I hate articles like this that make owning anything outside of a cat or dog a big risk to you or the animal, dangerous, unfair, etc.


----------



## Danielle Harrington (Sep 30, 2013)

uggg! my little guy totally goes on walks with me! and plays, cuddles, etc. this article seems to have the facts very very wrong.


----------



## DasIgelPoggie (Oct 21, 2010)

I have very little respect for Animal Planet anymore, since they continually endanger animals and promote misinformation for the sake of entertainment. The fact that ABC went to a reality TV personality (that regularly endangers the animals he works with) instead of an actual expert (like say, a representative of the Hedgehog Welfare Society) is just plain bad journalism-- whether it's because they are too lazy to do the actual research or they wanted to sensationalize the subject makes no difference there. I agree that the impulse pet buyers have no place owning a hedgehog, or any other animal for that matter, but just because he has not done his research and does not see the appeal does not mean he has any right to encourage a ban or even to talk down to those of us who love and properly care for our pets.
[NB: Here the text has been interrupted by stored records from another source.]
lemma federer_efd_ball_near_support:
  assumes "locally_finite_borel \<mu>"
    and \<epsilon>F: "0 < \<epsilon>F" "\<epsilon>F < 1" and "0 < \<delta>F"
    and fed: "\<And>\<rho> x. 0 < \<rho> \<Longrightarrow> \<rho> \<le> \<rho>F \<Longrightarrow> x \<in> msupp \<mu> \<Longrightarrow>
        measure \<mu> (cball x (\<epsilon>F * \<rho>)) / measure \<mu> (cball x \<rho>) \<ge> \<delta>F"
    and \<epsilon>E: "0 < \<epsilon>E" "\<epsilon>E < 1" and \<delta>E: "0 < \<delta>E" "\<delta>E < 1"
    and efd: "\<And>\<rho> x. 0 < \<rho> \<Longrightarrow> \<rho> \<le> \<rho>E \<Longrightarrow> x \<in> msupp \<mu> \<Longrightarrow>
        measure \<mu> (cball x (\<epsilon>E * \<rho>)) / measure \<mu> (cball x \<rho>) \<le> \<delta>E"
    and x: "x \<in> msupp \<mu>" and z: "z \<in> msupp \<mu>" "dist x z \<le> \<rho>"
    and \<rho>: "0 < \<rho>" "\<rho> \<le> \<epsilon>F * \<rho>F" "(1 / \<epsilon>F - 1) * \<rho> \<le> \<rho>E"
    and t: "0 < t" "t \<le> 1"
  shows "measure \<mu> (cball z (t * ((1 / \<epsilon>F - 1) * \<rho>)))
    < t powr (ln \<delta>E / ln \<epsilon>E) / (\<delta>E * \<delta>F) * measure \<mu> (cball x \<rho>)"
proof -
  define c where "c = 1 / \<epsilon>F - 1"
  have c\<rho>: "0 < c * \<rho>" "c * \<rho> \<le> \<rho>E" using \<epsilon>F \<rho> by (simp_all add: c_def)
  let ?k = "t powr (ln \<delta>E / ln \<epsilon>E) / \<delta>E"
  have "measure \<mu> (cball z (t * (c * \<rho>))) < ?k * measure \<mu> (cball z (c * \<rho>))"
    by (rule efd_power_decay[OF assms(1) \<epsilon>E \<delta>E efd z(1) c\<rho> t])
  also have "\<dots> \<le> ?k * measure \<mu> (cball x (\<rho> / \<epsilon>F))"
  proof -
    have "\<rho> + c * \<rho> = \<rho> / \<epsilon>F" using \<epsilon>F by (simp add: c_def field_simps)
    then have "cball z (c * \<rho>) \<subseteq> cball x (\<rho> / \<epsilon>F)" using z(2) by (auto simp: dist_real_def)
    then show ?thesis
      using locally_finite_borel_sets[OF assms(1)] \<delta>E
      by (intro mult_left_mono locally_finite_borel_measure_mono_cball[OF assms(1)]) auto
  qed
  also have "\<dots> \<le> ?k * (measure \<mu> (cball x \<rho>) / \<delta>F)"
    using federer_enlarge[OF assms(1) \<epsilon>F(1) fed x \<rho>(1,2)] \<open>0 < \<delta>F\<close> \<delta>E
    by (intro mult_left_mono) (auto simp: field_simps)
  finally show ?thesis by (simp add: c_def)
qed

lemma federer_efd_imp_abs_decaying:
  assumes "locally_finite_borel \<mu>" and "federer \<mu>" and "efd \<mu>"
  shows "abs_decaying \<mu>"
proof -
  obtain \<rho>F \<epsilon>F \<delta>F where "\<rho>F > 0" and \<epsilon>F: "0 < \<epsilon>F" "\<epsilon>F < 1" and \<delta>F: "0 < \<delta>F" "\<delta>F < 1"
    and fed: "\<And>\<rho> x. 0 < \<rho> \<Longrightarrow> \<rho> \<le> \<rho>F \<Longrightarrow> x \<in> msupp \<mu> \<Longrightarrow>
        measure \<mu> (cball x (\<epsilon>F * \<rho>)) / measure \<mu> (cball x \<rho>) \<ge> \<delta>F"
    using assms(2) unfolding federer_def by metis
  obtain \<rho>E \<epsilon>E \<delta>E where "\<rho>E > 0" and \<epsilon>E: "0 < \<epsilon>E" "\<epsilon>E < 1" and \<delta>E: "0 < \<delta>E" "\<delta>E < 1"
    and efd: "\<And>\<rho> x. 0 < \<rho> \<Longrightarrow> \<rho> \<le> \<rho>E \<Longrightarrow> x \<in> msupp \<mu> \<Longrightarrow>
        measure \<mu> (cball x (\<epsilon>E * \<rho>)) / measure \<mu> (cball x \<rho>) \<le> \<delta>E"
    using assms(3) unfolding efd_def by metis
  define c where "c = 1 / \<epsilon>F - 1"
  define \<rho>0 where "\<rho>0 = min (\<epsilon>F * \<rho>F) (\<rho>E / c)"
  define \<gamma> where "\<gamma> = ln \<delta>E / ln \<epsilon>E"
  define C where "C = (2 / c) powr \<gamma> / (\<delta>E * \<delta>F)"
  have c: "c > 0" using \<epsilon>F by (simp add: c_def)
  have "\<rho>0 > 0" using \<epsilon>F c \<open>\<rho>F > 0\<close> \<open>\<rho>E > 0\<close> by (simp add: \<rho>0_def)
  have "\<gamma> > 0" using \<epsilon>E \<delta>E by (simp add: \<gamma>_def divide_neg_neg)
  have "C > 0" using c \<delta>E \<delta>F by (simp add: C_def)
  have "measure \<mu> (cball x \<rho> \<inter> cball y (\<epsilon> * \<rho>)) < C * \<epsilon> powr \<gamma> * measure \<mu> (cball x \<rho>)"
    if \<rho>: "0 < \<rho>" "\<rho> \<le> \<rho>0" and x: "x \<in> msupp \<mu>" and \<epsilon>: "\<epsilon> > 0" for \<rho> x y \<epsilon>
  proof -
    define I where "I = cball x \<rho> \<inter> cball y (\<epsilon> * \<rho>)"
    define M where "M = measure \<mu> (cball x \<rho>)"
    \<comment> \<open>\<open>I\<close> has diameter \<open>2\<epsilon>\<rho> = t c \<rho>\<close>.\<close>
    define t where "t = 2 * \<epsilon> / c"
    have "M > 0" unfolding M_def by (rule measure_cball_msupp_pos[OF assms(1) x \<rho>(1)])
    have "t > 0" using \<epsilon> c by (simp add: t_def)
    have scale: "C * \<epsilon> powr \<gamma> = t powr \<gamma> / (\<delta>E * \<delta>F)"
      using \<epsilon> c by (simp add: C_def t_def powr_mult powr_divide)
    have I: "I \<in> sets \<mu>" "compact I" using locally_finite_borel_sets[OF assms(1)] by (auto simp: I_def)
    consider "1 \<le> t" | "I \<inter> msupp \<mu> = {}" | z where "z \<in> I" "z \<in> msupp \<mu>" "t < 1" by force
    then have "measure \<mu> I < t powr \<gamma> / (\<delta>E * \<delta>F) * M"
    proof cases
      case 1
      have "measure \<mu> I \<le> M" unfolding M_def
        using I(1) by (intro locally_finite_borel_measure_mono_cball[OF assms(1)]) (auto simp: I_def)
      also have "\<dots> < 1 / (\<delta>E * \<delta>F) * M"
        using \<open>M > 0\<close> \<delta>E \<delta>F mult_strict_mono[of \<delta>E 1 \<delta>F 1] by (simp add: field_simps)
      also have "\<dots> \<le> t powr \<gamma> / (\<delta>E * \<delta>F) * M"
        using 1 \<open>\<gamma> > 0\<close> \<open>M > 0\<close> \<delta>E \<delta>F
        by (intro mult_right_mono divide_right_mono ge_one_powr_ge_zero) auto
      finally show ?thesis .
    next
      case 2
      then have "measure \<mu> I = 0"
        using emeasure_compact_outside_msupp[OF locally_finite_borel_sets[OF assms(1)] I(2)]
        by (simp add: measure_def)
      then show ?thesis using \<open>t > 0\<close> \<open>M > 0\<close> \<delta>E \<delta>F by simp
    next
      case (3 z)
      have "I \<subseteq> cball z (t * (c * \<rho>))" using 3(1) c by (auto simp: I_def t_def dist_real_def)
      then have "measure \<mu> I \<le> measure \<mu> (cball z (t * (c * \<rho>)))"
        using I(1) by (rule locally_finite_borel_measure_mono_cball[OF assms(1)])
      also have "\<dots> < t powr \<gamma> / (\<delta>E * \<delta>F) * M"
        unfolding M_def \<gamma>_def c_def
        using federer_efd_ball_near_support[OF assms(1) \<epsilon>F \<delta>F(1) fed \<epsilon>E \<delta>E efd x 3(2) _ \<rho>(1)]
          3 \<rho>(2) c \<open>t > 0\<close> by (auto simp: I_def \<rho>0_def c_def le_divide_eq mult.commute)
      finally show ?thesis .
    qed
    then show ?thesis unfolding I_def M_def scale by simp
  qed
  then have "abs_decaying_with \<mu> C \<gamma>"
    unfolding abs_decaying_with_iff_measure[OF assms(1)] using \<open>C > 0\<close> \<open>\<gamma> > 0\<close> \<open>\<rho>0 > 0\<close> by blast
  then show ?thesis unfolding abs_decaying_def by blast
qed

theorem proposition2p4:
  fixes \<mu> :: "real measure"
  assumes "locally_finite_borel \<mu>"
  shows "abs_decaying \<mu> \<longleftrightarrow> federer \<mu> \<and> efd \<mu>"
proof
  assume "abs_decaying \<mu>"
  then obtain C \<gamma> where "abs_decaying_with \<mu> C \<gamma>" unfolding abs_decaying_def by blast
  then show "federer \<mu> \<and> efd \<mu>"
    using abs_decaying_with_imp_federer[OF assms] abs_decaying_with_imp_efd[OF assms] by blast
next
  assume "federer \<mu> \<and> efd \<mu>"
  then show "abs_decaying \<mu>" using federer_efd_imp_abs_decaying[OF assms] by blast
qed

end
I have such disdain for Mr. Salmoni and ABC's shoddy research and irresponsible journalism.


----------



## shmurciakova (Sep 7, 2008)

Fortunately, the one good thing about this article is that it does not promote hedgehogs as being some great pet that everyone should just run out and get. It actually discourages owning hedgehogs I think….


----------



## The_Senator (Dec 31, 2013)

This made me sad. Though I do think shmurciakova points out the one bright spot.


----------



## MomLady (Aug 14, 2010)

Yes, Animal Planet who brought you the show on Mermaids as if THEY were real.

They should go back to looking for Bigfoot.

Lest they forget, they featured hedgehogs as cheerleaders in last year's Puppy Bowl and also on an episode of Too Cute.

<sigh of disgust!>

ML


----------



## MeowHype (Jan 29, 2014)

Can we write to ABC about this? has anyone yet?


----------